Print the data below exactly, but only the lines from the one containing "unfolding ann_modulo_def by" down to the one containing "t \<in> V \<inter>", inclusive.

• Material supplied:
○ ○ ○
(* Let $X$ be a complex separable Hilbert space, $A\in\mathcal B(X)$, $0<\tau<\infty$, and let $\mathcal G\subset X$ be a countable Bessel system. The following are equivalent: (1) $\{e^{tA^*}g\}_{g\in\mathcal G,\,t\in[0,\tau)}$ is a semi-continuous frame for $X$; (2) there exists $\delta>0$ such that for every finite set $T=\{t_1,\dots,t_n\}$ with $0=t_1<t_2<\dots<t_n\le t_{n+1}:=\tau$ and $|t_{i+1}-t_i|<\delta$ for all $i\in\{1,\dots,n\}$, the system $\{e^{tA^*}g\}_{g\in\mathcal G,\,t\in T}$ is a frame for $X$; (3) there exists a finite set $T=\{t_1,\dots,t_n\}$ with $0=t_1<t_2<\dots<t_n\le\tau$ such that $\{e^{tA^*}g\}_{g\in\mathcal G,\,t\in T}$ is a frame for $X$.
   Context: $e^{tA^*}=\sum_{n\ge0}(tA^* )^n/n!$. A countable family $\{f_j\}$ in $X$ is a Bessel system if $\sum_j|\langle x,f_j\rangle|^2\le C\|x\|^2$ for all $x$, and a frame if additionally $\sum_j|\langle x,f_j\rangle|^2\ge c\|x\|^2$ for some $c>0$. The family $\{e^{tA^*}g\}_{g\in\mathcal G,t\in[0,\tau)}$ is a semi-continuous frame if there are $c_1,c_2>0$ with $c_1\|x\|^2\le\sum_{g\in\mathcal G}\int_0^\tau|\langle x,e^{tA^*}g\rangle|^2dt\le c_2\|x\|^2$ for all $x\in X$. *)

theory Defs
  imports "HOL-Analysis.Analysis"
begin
○ ○ ○
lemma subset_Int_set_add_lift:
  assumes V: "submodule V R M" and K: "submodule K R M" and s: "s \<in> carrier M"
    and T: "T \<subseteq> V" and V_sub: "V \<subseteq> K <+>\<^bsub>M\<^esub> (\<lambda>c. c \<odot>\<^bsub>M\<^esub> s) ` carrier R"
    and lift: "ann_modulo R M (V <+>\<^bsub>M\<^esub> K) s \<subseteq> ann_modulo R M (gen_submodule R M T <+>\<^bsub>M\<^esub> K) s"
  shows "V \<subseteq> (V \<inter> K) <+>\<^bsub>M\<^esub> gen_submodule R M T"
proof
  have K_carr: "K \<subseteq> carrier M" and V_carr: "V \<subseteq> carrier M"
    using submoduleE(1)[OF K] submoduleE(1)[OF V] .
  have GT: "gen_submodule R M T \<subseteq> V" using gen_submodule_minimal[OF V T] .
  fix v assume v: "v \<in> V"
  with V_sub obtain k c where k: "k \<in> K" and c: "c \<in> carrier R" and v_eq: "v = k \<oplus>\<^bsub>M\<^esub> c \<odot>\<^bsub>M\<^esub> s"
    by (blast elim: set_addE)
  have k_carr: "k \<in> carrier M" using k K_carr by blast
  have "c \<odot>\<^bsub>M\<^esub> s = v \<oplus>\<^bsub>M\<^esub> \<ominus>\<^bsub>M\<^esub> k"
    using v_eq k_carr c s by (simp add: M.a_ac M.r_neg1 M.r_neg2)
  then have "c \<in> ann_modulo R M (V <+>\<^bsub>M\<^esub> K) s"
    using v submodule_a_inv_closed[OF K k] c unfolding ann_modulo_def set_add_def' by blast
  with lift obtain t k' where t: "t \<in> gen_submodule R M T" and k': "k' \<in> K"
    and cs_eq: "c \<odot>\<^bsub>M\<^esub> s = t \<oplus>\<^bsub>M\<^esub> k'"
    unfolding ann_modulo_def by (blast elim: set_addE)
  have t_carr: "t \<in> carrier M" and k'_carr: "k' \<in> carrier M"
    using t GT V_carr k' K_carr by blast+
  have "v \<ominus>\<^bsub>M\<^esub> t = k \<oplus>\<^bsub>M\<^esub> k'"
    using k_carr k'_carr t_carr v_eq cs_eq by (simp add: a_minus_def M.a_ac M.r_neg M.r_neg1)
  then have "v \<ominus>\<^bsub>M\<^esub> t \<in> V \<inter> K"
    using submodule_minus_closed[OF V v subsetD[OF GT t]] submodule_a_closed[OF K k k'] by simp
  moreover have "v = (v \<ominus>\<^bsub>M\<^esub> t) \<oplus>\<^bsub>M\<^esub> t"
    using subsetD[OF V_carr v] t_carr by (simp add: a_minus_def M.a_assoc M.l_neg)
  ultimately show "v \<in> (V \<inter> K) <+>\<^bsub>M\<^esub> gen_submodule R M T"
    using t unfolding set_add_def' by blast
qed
○ ○ ○
• Task output:
    unfolding ann_modulo_def by (blast elim: set_addE)
  have t_carr: "t \<in> carrier M" and k'_carr: "k' \<in> carrier M"
    using t GT V_carr k' K_carr by blast+
  have "v \<ominus>\<^bsub>M\<^esub> t = k \<oplus>\<^bsub>M\<^esub> k'"
    using k_carr k'_carr t_carr v_eq cs_eq by (simp add: a_minus_def M.a_ac M.r_neg M.r_neg1)
  then have "v \<ominus>\<^bsub>M\<^esub> t \<in> V \<inter> K"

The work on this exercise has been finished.